In his annual address to the Greater Boston Chamber of Commerce, and his final major address as Mayor of the City of Boston, Mayor Thomas M. Menino reflected upon the changes that have made Boston the city it is today and looked ahead to the challenges the City will face in the future. [Remarks as prepared for delivery attached.]

“The thing that makes a city most is change, the fact that something new is always just around the corner,” Mayor Menino said in his address. “It’s change that attracts immigrants. It’s opportunity that draws students. It’s action that invites visitors. And it’s progress in a city that compels neighbors to stay neighbors and to stay here. There are places you would go to enjoy sameness, but they aren’t cities. There are places you would go to soak in the status quo, but they aren’t here.”

Some of the changes Mayor Menino highlighted from his 20 years in office included:

  • Making Boston Public Schools one of the greatest urban school districts in the nation: In 1996, one in four high school students passed the state math exams. Today, nearly 90 percent do. More students graduate from Boston Public Schools today than ever before and fewer drop out.
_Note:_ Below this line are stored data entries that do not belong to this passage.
theorem lemma4:
  fixes p :: nat and a :: "nat \<Rightarrow> complex"
  assumes "prime p"
    and "hermitian_mat (circ_mat p a)"
    and "universal_pst (circ_mat p a)"
  shows "\<forall>j \<in> {1..p-1}. a j \<noteq> 0"
proof (intro ballI notI)
  fix j assume "j \<in> {1..p-1}" and "a j = 0"
  have p: "1 < p" using assms(1) by (rule prime_gt_1_nat)
  with \<open>j \<in> {1..p-1}\<close> have j: "0 < j" "j < p" by auto
  from assms(3) p obtain t where "cmod (mat_exp ((- \<i> * of_real t) \<cdot>\<^sub>m circ_mat p a) $$ (1, 0)) = 1"
    unfolding universal_pst_def by (force simp: circ_mat_def)
  from circ_pst_eigenvalue_gaps[OF assms(2) p this] obtain m :: "nat \<Rightarrow> int" where
    gap: "\<And>k. k < p \<Longrightarrow> of_real t * (circ_eigenvalue p a k - circ_eigenvalue p a 0)
      = of_real (2 * pi / p) * of_int (m k)"
    and m_cong: "\<And>k. k < p \<Longrightarrow> [m k = int k] (mod int p)"
    by blast
  define z where "z = unity_root p ^ (p - j)"
  have "\<not> p dvd p - j" using j by (auto dest: dvd_imp_le)
  then have "z ^ p = 1" "z \<noteq> 1" and sum_z: "(\<Sum>k<p. z ^ k) = 0"
    using p sum_unity_root_powers[of p "p - j"]
    by (simp_all add: z_def unity_root_power_eq_1_iff flip: power_mult)
  have sum_eigenvalues: "(\<Sum>k<p. circ_eigenvalue p a k * z ^ k) = 0"
    using circ_eigenvalue_inversion[OF j] \<open>a j = 0\<close> by (simp add: z_def)
  have "(\<Sum>k<p. of_int (m k) * z ^ k) = 0"
    using p by (intro sum_scaled_differences_root_eq_0[OF gap _ sum_eigenvalues sum_z]) auto
  then have "m 1 = m 0"
    using int_relation_prime_root_of_unity_const[OF assms(1) \<open>z ^ p = 1\<close> \<open>z \<noteq> 1\<close>] p by blast
  with m_cong[of 1] m_cong[of 0] p have "[1 = 0] (mod int p)"
    by (simp add: cong_def)
  with p show False by (simp add: cong_iff_dvd_diff)
qed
Ninety-four percent of BPS parents report that their child’s school is a good or great place to learn.
  • Adding 13 million square feet of office space and the jobs to fill those spaces: In 2014, Boston will have more people working in the City than at any point in its history.
  • Building new housing, as much as the City of Somerville has altogether, and adding more affordable housing than the Town of Wellesley has of any type.
  • Leaving the City with an estimated $200 million dollars in reserve
  • Cutting crime in half: The year Mayor Menino took office, the City experienced 98 homicides. Today, there are 38, with a decline in crime achieved by reframing crime prevention as a public health issue that affects the entire City, rather than a police issue that singles out neighborhoods.
  • Becoming a proud, majority-minority city and creating the Office of New Bostonians to welcome new immigrants with services and connections.
  • Leading the way on same-sex marriage. Today, nearly one in every 10 marriage licenses issued in Boston is to a same-sex couple.

Mayor Menino also spoke of plans to assist Mayor-elect Walsh in an effective transition process. Over the summer, the Mayor’s administration began executing a ten-point transition plan to ensure the city doesn’t miss a beat, including focusing on a safe summer, a strong start to the school-year and leaving the City in outstanding financial shape. The Mayor’s Next Boston transition blog ( continues to feature daily posts on key departments, looming issues, and little-known aspects of city government.

Looking ahead to challenges that will face the City in the months and years to come, Mayor Menino spoke of the dramatic decline in Federal support and the impact it has on the City’s non-profit and research sectors; the rising costs of higher education and the implications for this core of Boston’s economy; and a substantial increase in income inequality and the need for the business community to play a role in the solution.   

“If you aren’t talking about this in your boardrooms, you should be,” Mayor Menino said.  “If you aren’t worrying about what it means for your workforce and your customers, you are missing the boat. If you don’t think a new generation of division will damage this city, you haven’t looked around the world, where deep inequalities breed deep distrust.”